Massachusetts Institute of Technology engineers have designed a battery made from inexpensive, abundant materials, that could provide low-cost backup storage for renewable energy sources. Less expensive than lithium-ion battery technology, the new architecture uses aluminum and sulfur as its two electrode materials with a molten salt electrolyte in between.

The new battery architecture is described in the journal Nature, in a paper by MIT Professor Donald Sadoway, along with 15 others at MIT and in China, Canada, Kentucky, and Tennessee.

Wind and solar advocates are building out ever larger installations of wind and solar power systems, thus need is growing fast for economical, large-scale backup systems to provide power when the sun is down and the air is calm. Today’s lithium-ion batteries are still too expensive for most such applications, and other options such as pumped hydro require specific landscapes that are not always available.

The MIT led group’s chemistry architecture could help to fill the intermittency gaps.

Sadoway, who is the John F. Elliott Professor Emeritus of Materials Chemistry said, “I wanted to invent something that was better, much better, than lithium-ion batteries for small-scale stationary storage, and ultimately for automotive [uses].”

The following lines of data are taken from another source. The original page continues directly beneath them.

(* Let $(p,f)$ be an SCF-RT that is rationalizable within the class of symmetric RUM-CFs, and let $(x,y)\in C\setminus D$. If there exists $z\in X$ such that $t(x,z)$ and $t(y,z)$ are defined and $t(x,z)\leq t(y,z)$, or $t(z,x)$ and $t(z,y)$ are defined and $t(z,x)\geq t(z,y)$, then every symmetric RUM-CF $(u,g,r)$ rationalizing $(p,f)$ satisfies $u(x)\geq u(y)$. If there exists $z\in X$ with $t(x,z)<t(y,z)$ or $t(z,x)>t(z,y)$ (the respective quantities being defined), then every such model satisfies $u(x)>u(y)$.
   Context: $X$ is a finite set of options; $C=\{(x,y): x,y\in X,\ x\neq y\}$; $D\subseteq C$ is a fixed non-empty set with $(x,y)\in D\Rightarrow (y,x)\in D$. An SCF $p$ assigns to each $(x,y)\in D$ a number $p(x,y)>0$ with $p(x,y)+p(y,x)=1$. An SCF-RT is a pair $(p,f)$ where $p$ is an SCF and $f$ assigns to each $(x,y)\in D$ a strictly positive density $f(x,y)$ on $\mathbb{R}^+$ with cdf $F(x,y)$. A RUM is a pair $(u,g)$ with $u:X\to\mathbb{R}$ and $g$ assigning to each $(x,y)\in C$ a density $g(x,y)$ on $\mathbb{R}$ (cdf $G(x,y)$) with $\int v\,g(x,y)(v)\,dv=u(x)-u(y)=:v(x,y)$, $g(x,y)(v)=g(y,x)(-v)$ for all $v$, and connected support. A RUM-CF is $(u,g,r)$ with $(u,g)$ a RUM and $r:\mathbb{R}^{++}\to\mathbb{R}^+$ continuous, strictly decreasing where $r(v)>0$, $\lim_{v\to0}r(v)=\infty$, $\lim_{v\to\infty}r(v)=0$; $r^{-1}(t)$ ($t>0$) is the inverse of $r$ restricted to $\{r>0\}$. It rationalizes $(p,f)$ if for all $(x,y)\in D$: $G(x,y)(0)=p(y,x)$ and $\frac{1-G(x,y)(r^{-1}(t))}{1-G(x,y)(0)}=F(x,y)(t)$ for all $t>0$. A RUM-CF is symmetric if each $g(x,y)$, $(x,y)\in C$, is symmetric around its mean: $g(x,y)(v(x,y)+\delta)=g(x,y)(v(x,y)-\delta)$ for all $\delta\geq0$. For $(a,b)\in D$ with $p(a,b)>p(b,a)$, $t(a,b)>0$ is defined by $F(a,b)(t(a,b))=p(b,a)/p(a,b)$; it is undefined otherwise. *)

theory Defs
  imports "HOL-Analysis.Analysis"
begin
lemma DG_stable_unstable_split:
  fixes H :: "real^'n::finite^'n"
  assumes sym: "transpose H = H" and p: "p \<le> CARD('n)" and neg: "neg_eig_count (to_mat H) = p"
    and top: "\<And>\<mu>. eigenvalue (to_mat H) \<mu> \<Longrightarrow> \<mu> \<le> lam1"
    and \<alpha>: "0 < \<alpha>" and \<beta>: "-1 + \<alpha> * lam1 / 2 < \<beta>" "0 < \<beta>" "\<beta> < 1"
  obtains Vs Vu where "Vs \<in> carrier_mat (2 * CARD('n)) (2 * CARD('n) - p)"
    "Vu \<in> carrier_mat (2 * CARD('n)) p" "stable_unstable_split (DG \<alpha> \<beta> (to_mat H)) Vs Vu"
proof -
  let ?n = "CARD('n)"
  define q where "q = ?n - p"
  obtain u lam where orth: "\<And>i j. i < ?n \<Longrightarrow> j < ?n \<Longrightarrow> inner (u i) (u j) = (if i = j then 1 else 0)"
    and ev: "\<And>j. j < ?n \<Longrightarrow> H *v u j = lam j *\<^sub>R u j"
    and eig: "\<And>j. j < ?n \<Longrightarrow> eigenvalue (to_mat H) (lam j)"
    and neg_iff: "\<And>j. j < ?n \<Longrightarrow> lam j < 0 \<longleftrightarrow> q \<le> j"
    using symmetric_eigenbasis_neg_last[OF sym neg] unfolding q_def by blast
  define t where "t k = 1 + \<beta> - \<alpha> * lam k" for k
  have small: "-(1+\<beta>) < t k \<and> t k \<le> 1+\<beta>" if "k < q" for k
  proof -
    have k: "k < ?n" using that by (simp add: q_def)
    hence "0 \<le> lam k" "lam k \<le> lam1" using neg_iff[OF k] top[OF eig[OF k]] that by simp_all
    hence "0 \<le> \<alpha> * lam k" "\<alpha> * lam k \<le> \<alpha> * lam1" using \<alpha> by simp_all
    thus ?thesis using \<beta>(1) by (simp add: t_def)
  qed
  have large: "1+\<beta> < t k" if "q \<le> k" "k < ?n" for k
    using neg_iff[of k] that \<alpha> by (simp add: t_def mult_pos_neg)
  obtain T T' where T: "T \<in> carrier_mat (2 * ?n) (2 * ?n)" "T' \<in> carrier_mat (2 * ?n) (2 * ?n)"
    "T' * T = 1\<^sub>m (2 * ?n)" and DGT: "DG \<alpha> \<beta> (to_mat H) * T = T * companion_blocks ?n t \<beta>"
    using DG_similar_companion_blocks[OF orth ev] unfolding t_def by metis
  have "stable_unstable_split (companion_blocks ?n t \<beta>)
      (stable_basis ?n q (\<lambda>k. small_root (t k) \<beta>)) (unstable_basis ?n q (\<lambda>k. large_root (t k) \<beta>))"
    using small large by (intro companion_blocks_split[OF _ \<beta>(2,3)]) (simp_all add: q_def)
  hence "stable_unstable_split (DG \<alpha> \<beta> (to_mat H))
      (T * stable_basis ?n q (\<lambda>k. small_root (t k) \<beta>)) (T * unstable_basis ?n q (\<lambda>k. large_root (t k) \<beta>))"
    using p by (intro stable_unstable_split_mult_left[OF T DG_carrier _ DGT]) (auto simp: q_def)
  moreover have "T * stable_basis ?n q (\<lambda>k. small_root (t k) \<beta>) \<in> carrier_mat (2 * ?n) (2 * ?n - p)"
    "T * unstable_basis ?n q (\<lambda>k. large_root (t k) \<beta>) \<in> carrier_mat (2 * ?n) p"
    using T(1) p by (auto simp: q_def)
  ultimately show ?thesis using that by blast
qed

In addition to being expensive, lithium-ion batteries contain a flammable electrolyte, making them less than ideal for transportation. So, Sadoway started studying the periodic table, looking for cheap, Earth-abundant metals that might be able to substitute for lithium. The commercially dominant metal, iron, doesn’t have the right electrochemical properties for an efficient battery, he said. But the second-most-abundant metal in the marketplace – and actually the most abundant metal on Earth – is aluminum.

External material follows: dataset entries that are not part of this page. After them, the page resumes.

lemma simrel_plug: "ctx_rel G G' \<Longrightarrow> simrel a a' \<Longrightarrow> simrel (plug G a) (plug G' a')"
  by (induction G G' rule: ctx_rel.induct) (auto intro: simrel.intros)

lemma simrel_ctx_cont: "ctx_rel G G' \<Longrightarrow> simrel (ctx_cont G z) (ctx_cont G' z)"
  by (auto intro: simrel.intros simrel_plug)

lemma simrel_pure_plug_left:
  "pure G \<Longrightarrow> simrel (plug G a) t' \<Longrightarrow> \<exists>G' a'. t' = plug G' a' \<and> pure G' \<and> ctx_rel G G' \<and> simrel a a'"
proof (induction G arbitrary: t')
  case Hole
  then show ?case by (intro exI[of _ Hole]) auto
next
  case (CArg v F)
  then obtain b' c' where "t' = App b' c'" "simrel v b'" "simrel (plug F a) c'"
    by (auto elim: simrel_AppE)
  with CArg show ?case
    using simrel_is_val[of v b'] by (fastforce intro: exI[of _ "CArg b' _"])
next
  case (CFun F s)
  then obtain b' c' where "t' = App b' c'" "simrel (plug F a) b'" "simrel s c'"
    by (auto elim: simrel_AppE)
  with CFun show ?case by (fastforce intro: exI[of _ "CFun _ c'"])
qed simp

lemma simrel_pure_plug_right:
  "pure G' \<Longrightarrow> simrel t (plug G' a') \<Longrightarrow> \<exists>G a. t = plug G a \<and> pure G \<and> ctx_rel G G' \<and> simrel a a'"
proof (induction G' arbitrary: t)
  case Hole
  then show ?case by (intro exI[of _ Hole]) auto
next
  case (CArg v F)
  then obtain b c where "t = App b c" "simrel b v" "simrel c (plug F a')"
    by (auto elim: simrel_AppE')
  with CArg show ?case
    using simrel_is_val[of b v] by (fastforce intro: exI[of _ "CArg b _"])
next
  case (CFun F s)
  then obtain b c where "t = App b c" "simrel b (plug F a')" "simrel c s"
    by (auto elim: simrel_AppE')
  with CFun show ?case by (fastforce intro: exI[of _ "CFun _ c"])
qed simp

section \<open>Simulation in both directions\<close>

lemma simrel_captured:
  assumes "pure G" "fvc G = {}" "simrel w w'" "closed w" "closed w'"
  shows "simrel (Reset (subst k (ctx_cont (comp_ctx G E) z) (subst x w t0)))
                (Reset (subst x w' (subst k (ctx_cont (comp_ctx G E) y) t0)))"
proof -
  have closed_conts: "closed (ctx_cont (comp_ctx G E) z)" "closed (ctx_cont (comp_ctx G E) y)"
    using assms(2) closed_E by auto
  have "simrel (ctx_cont (comp_ctx G E) z) (ctx_cont (comp_ctx G E) y)"
    using simrel.cont_alpha[of "comp_ctx G E" z y] assms(1,2) pure_E closed_E by simp
  moreover have "simrel (subst x w t0) (subst x w' t0)"
    using assms(3-5) by (rule simrel_subst[OF simrel_refl])
  ultimately show ?thesis
    using assms(5) closed_conts
    by (auto simp: subst_subst_commute[OF x_neq_k] intro!: simrel.Reset simrel_subst)
qed

lemma simrel_ctx_cont_arg:
  "pure G \<Longrightarrow> fvc G = {} \<Longrightarrow> ctx_rel G1 G1' \<Longrightarrow>
    simrel (ctx_cont (comp_ctx G (CArg (Lam x body) G1)) z) (ctx_cont (CArg (shifted_fun G y) G1') z)"
  by (auto intro!: simrel.Lam simrel.shifted simrel_plug simrel.Var)

lemma sos_shift_body:
  "pure G \<Longrightarrow> fvc G = {} \<Longrightarrow>
    sos (Reset (plug G (subst x w body))) (Reset (subst k (ctx_cont (comp_ctx G E) y) (subst x w t0)))"
  using sos.shift[of "comp_ctx G E" y k "subst x w t0"] pure_E closed_E by (simp add: subst_body)

lemma sos_beta_shifted_fun:
  "is_val w \<Longrightarrow>
    sos (Reset (App (shifted_fun G y) w)) (Reset (subst x w (subst k (ctx_cont (comp_ctx G E) y) t0)))"
  by (auto simp: shifted_fun_def intro!: sos.reset sos.beta)

lemma simrel_sim_beta:
  assumes "is_val v" "simrel (App (Lam y t) v) p'" "closed v" "closed p'"
  shows "\<exists>q'. sos p' q' \<and> simrel (subst y v t) q'"
proof -
  from assms(2) obtain a' v' where p': "p' = App a' v'" "simrel (Lam y t) a'" "simrel v v'"
    by (auto elim: simrel_AppE)
  have v': "is_val v'" "closed v'" using assms p' simrel_is_val by auto
  from p'(2) show ?thesis
  proof (cases rule: simrel_LamE)
    case (Lam t')
    then show ?thesis using p' v' assms(3) by (auto intro!: sos.beta simrel_subst)
  next
    case (cont_alpha G z)
    then have "sos p' (Reset (plug G v'))"
      using sos.beta[OF v'(1), of z "Reset (plug G (Var z))"] p' by (simp add: subst_plug)
    moreover have "simrel (subst y v t) (Reset (plug G v'))"
      using cont_alpha p' by (simp add: subst_plug simrel.Reset simrel_plug ctx_rel_refl)
    ultimately show ?thesis by blast
  qed
qed

lemma simrel_sim_reset_val:
  assumes "is_val v" "simrel (Reset v) p'"
  shows "\<exists>q'. sos p' q' \<and> simrel v q'"
  using assms(2)
proof (cases rule: simrel_ResetE)
  case (Reset v')
  then show ?thesis using assms(1) simrel_is_val by (auto intro: sos.reset_val)
qed (use assms(1) in auto)

lemma simrel_sim_shift:
  assumes "pure G" "z \<notin> fvc G" "simrel (Reset (plug G (Shift j s))) p'"
    and "closed (plug G (Shift j s))" "closed p'"
  shows "\<exists>q'. sos p' q' \<and> simrel (Reset (subst j (ctx_cont G z) s)) q'"
  using assms(3)
proof (cases rule: simrel_ResetE)
  case (Reset t')
  from simrel_pure_plug_left[OF assms(1) Reset(2)] obtain G' s' where
    G': "t' = plug G' (Shift j s')" "pure G'" "ctx_rel G G'" "simrel s s'"
    by (auto elim: simrel_ShiftE)
  then have "sos p' (Reset (subst j (ctx_cont G' z) s'))"
    using sos.shift[of G' z j s'] Reset assms(5) by simp
  moreover have "simrel (Reset (subst j (ctx_cont G z) s)) (Reset (subst j (ctx_cont G' z) s'))"
    using G' Reset assms(4,5) by (auto intro!: simrel.Reset simrel_subst simrel_ctx_cont)
  ultimately show ?thesis by blast
next
  case (shifted G0 u u' y)
  from pure_plug_App_eq_plug_Shift[of G0 G "Lam x body" u j s] shifted assms(1)
  obtain G1 where G1: "pure G1" "G = comp_ctx G0 (CArg (Lam x body) G1)" "u = plug G1 (Shift j s)"
    by auto
  have "simrel (plug G1 (Shift j s)) u'" using shifted G1 by simp
  from simrel_pure_plug_left[OF G1(1) this] obtain G1' s' where
    G1': "u' = plug G1' (Shift j s')" "pure G1'" "ctx_rel G1 G1'" "simrel s s'"
    by (auto elim: simrel_ShiftE)
  let ?G' = "CArg (shifted_fun G0 y) G1'"
  have "sos p' (Reset (subst j (ctx_cont ?G' z) s'))"
    using sos.shift[of ?G' z j s'] assms(5) shifted G1' closed_shifted_fun[of G0 y]
    by (simp add: closed_def)
  moreover have "simrel (Reset (subst j (ctx_cont G z) s)) (Reset (subst j (ctx_cont ?G' z) s'))"
  proof (intro simrel.Reset simrel_subst)
    show "simrel (ctx_cont G z) (ctx_cont ?G' z)"
      using simrel_ctx_cont_arg G1 G1' shifted by simp
    show "closed (ctx_cont G z)"
      using assms(4) by simp
    show "closed (ctx_cont ?G' z)"
      using assms(5) shifted G1' closed_shifted_fun[of G0 y] by (auto simp: closed_def)
  qed (rule G1'(4))
  ultimately show ?thesis by blast
next
  case (shifted_beta G0 w w' y)
  with pure_plug_Shift_inj[of G "comp_ctx G0 E" j s k "subst x w t0"] assms(1) pure_E
  have G: "G = comp_ctx G0 E" "j = k" "s = subst x w t0" by auto
  have "sos p' (Reset (subst x w' (subst k (ctx_cont (comp_ctx G0 E) y) t0)))"
    using sos_beta_shifted_fun shifted_beta by simp
  moreover have "simrel (Reset (subst j (ctx_cont G z) s)) \<dots>"
    unfolding G using simrel_captured shifted_beta by blast
  ultimately show ?thesis by blast
qed

lemma simrel_sim_shifted:
  assumes "pure G" "fvc G = {}" "simrel u u'" "closed u" "closed u'"
    and sim_arg: "\<And>u2. sos u u2 \<Longrightarrow> \<exists>u3. sos\<^sup>*\<^sup>* u' u3 \<and> simrel u2 u3"
    and "sos (plug G (App (Lam x body) u)) t2"
  shows "\<exists>q'. sos\<^sup>*\<^sup>* (Reset (App (shifted_fun G y) u')) q' \<and> simrel (Reset t2) q'"
proof -
  from sos_pure_plug_App_cases[OF assms(1) _ assms(7)]
  consider "is_val u" "t2 = plug G (subst x u body)"
    | u2 where "sos u u2" "t2 = plug G (App (Lam x body) u2)"
    by auto
  then show ?thesis
  proof cases
    case 1
    then have "simrel (Reset t2) (Reset (App (shifted_fun G y) u'))"
      using assms(1-5) simrel_is_val[of u u'] by (auto simp: subst_body intro!: simrel.shifted_beta)
    then show ?thesis by blast
  next
    case (2 u2)
    with sim_arg obtain u3 where u3: "sos\<^sup>*\<^sup>* u' u3" "simrel u2 u3"
      by blast
    have "sos\<^sup>*\<^sup>* (Reset (App (shifted_fun G y) u')) (Reset (App (shifted_fun G y) u3))"
      using sos_rtranclp_plug[OF u3(1), of "CReset (CArg (shifted_fun G y) Hole)"] by simp
    moreover have "simrel (Reset t2) (Reset (App (shifted_fun G y) u3))"
      using 2 u3 assms(1,2) by (auto intro!: simrel.shifted)
    ultimately show ?thesis by blast
  qed
qed

lemma simrel_sim_reset:
  assumes IH: "\<And>u u2 u'. size u < size (Reset t) \<Longrightarrow> sos u u2 \<Longrightarrow> simrel u u' \<Longrightarrow>
      closed u \<Longrightarrow> closed u' \<Longrightarrow> \<exists>u3. sos\<^sup>*\<^sup>* u' u3 \<and> simrel u2 u3"
    and "sos t t2" "simrel (Reset t) p'" "closed t" "closed p'"
  shows "\<exists>q'. sos\<^sup>*\<^sup>* p' q' \<and> simrel (Reset t2) q'"
  using assms(3)
proof (cases rule: simrel_ResetE)
  case (Reset t')
  with IH[of t t2 t'] assms(2,4,5) obtain t3 where "sos\<^sup>*\<^sup>* t' t3" "simrel t2 t3"
    by auto
  then show ?thesis
    using sos_rtranclp_plug[of t' t3 "CReset Hole"] Reset by (auto intro!: simrel.Reset)
next
  case (shifted G u u' y)
  have "size u < size (Reset t)"
    using shifted size_plug[of "App (Lam x body) u" G] by simp
  then show ?thesis
    using simrel_sim_shifted[of G u u'] IH shifted assms(2,4,5) by auto
next
  case (shifted_beta G w w' y)
  then show ?thesis
    using assms(2) pure_plug_Shift_not_sos[of "comp_ctx G E"] pure_E by auto
qed

lemma simrel_simulation:
  "sos p q \<Longrightarrow> simrel p p' \<Longrightarrow> closed p \<Longrightarrow> closed p' \<Longrightarrow> \<exists>q'. sos\<^sup>*\<^sup>* p' q' \<and> simrel q q'"
proof (induction p arbitrary: p' q rule: measure_induct_rule[of size])
  case (less p)
  from less.prems(1) show ?case
  proof (cases rule: sos.cases)
    case (beta v y t)
    with simrel_sim_beta[of v y t p'] less.prems obtain q' where "sos p' q'" "simrel q q'"
      by auto
    then show ?thesis by blast
  next
    case (app_left s s' t)
    with less.prems obtain a' b' where p': "p' = App a' b'" "simrel s a'" "simrel t b'"
      by (auto elim: simrel_AppE)
    with less.IH[of s s' a'] app_left less.prems obtain a'' where "sos\<^sup>*\<^sup>* a' a''" "simrel s' a''"
      by auto
    then show ?thesis
      using sos_rtranclp_plug[of a' a'' "CFun Hole b'"] p' app_left by (auto intro!: simrel.App)
  next
    case (app_right v t t')
    with less.prems obtain a' b' where p': "p' = App a' b'" "simrel v a'" "simrel t b'"
      by (auto elim: simrel_AppE)
    with less.IH[of t t' b'] app_right less.prems obtain b'' where "sos\<^sup>*\<^sup>* b' b''" "simrel t' b''"
      by auto
    then show ?thesis
      using sos_rtranclp_plug[of b' b'' "CArg a' Hole"] p' app_right simrel_is_val[of v a']
      by (auto intro!: simrel.App)
  next
    case (reset t t')
    then show ?thesis using simrel_sim_reset[OF less.IH] less.prems by simp
  next
    case reset_val
    with simrel_sim_reset_val[of q p'] less.prems obtain q' where "sos p' q'" "simrel q q'"
      by auto
    then show ?thesis by blast
  next
    case (shift G z j s)
    with simrel_sim_shift[of G z j s p'] less.prems obtain q' where "sos p' q'" "simrel q q'"
      by auto
    then show ?thesis by blast
  qed
qed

“So, I said, well, let’s just make that a bookend. It’s gonna be aluminum,” he commented.

Next up was deciding what to pair the aluminum with for the other electrode, and what kind of electrolyte to put in between to carry ions back and forth during charging and discharging. The cheapest of all the non-metals is sulfur, so that became the second electrode material.

As for the electrolyte, “we were not going to use the volatile, flammable organic liquids” that have sometimes led to dangerous fires in cars and other applications of lithium-ion batteries, Sadoway said. They tried some polymers but ended up looking at a variety of molten salts that have relatively low melting points – close to the boiling point of water, as opposed to nearly 1,000° Fahrenheit for many salts. “Once you get down to near body temperature, it becomes practical” to make batteries that don’t require special insulation and anticorrosion measures, he noted.

The three ingredients they ended up with are cheap and readily available – aluminum, no different from the foil at the supermarket; sulfur, which is often a waste product from processes such as petroleum refining; and widely available salts. “The ingredients are cheap, and the thing is safe – it cannot burn,” Sadoway said.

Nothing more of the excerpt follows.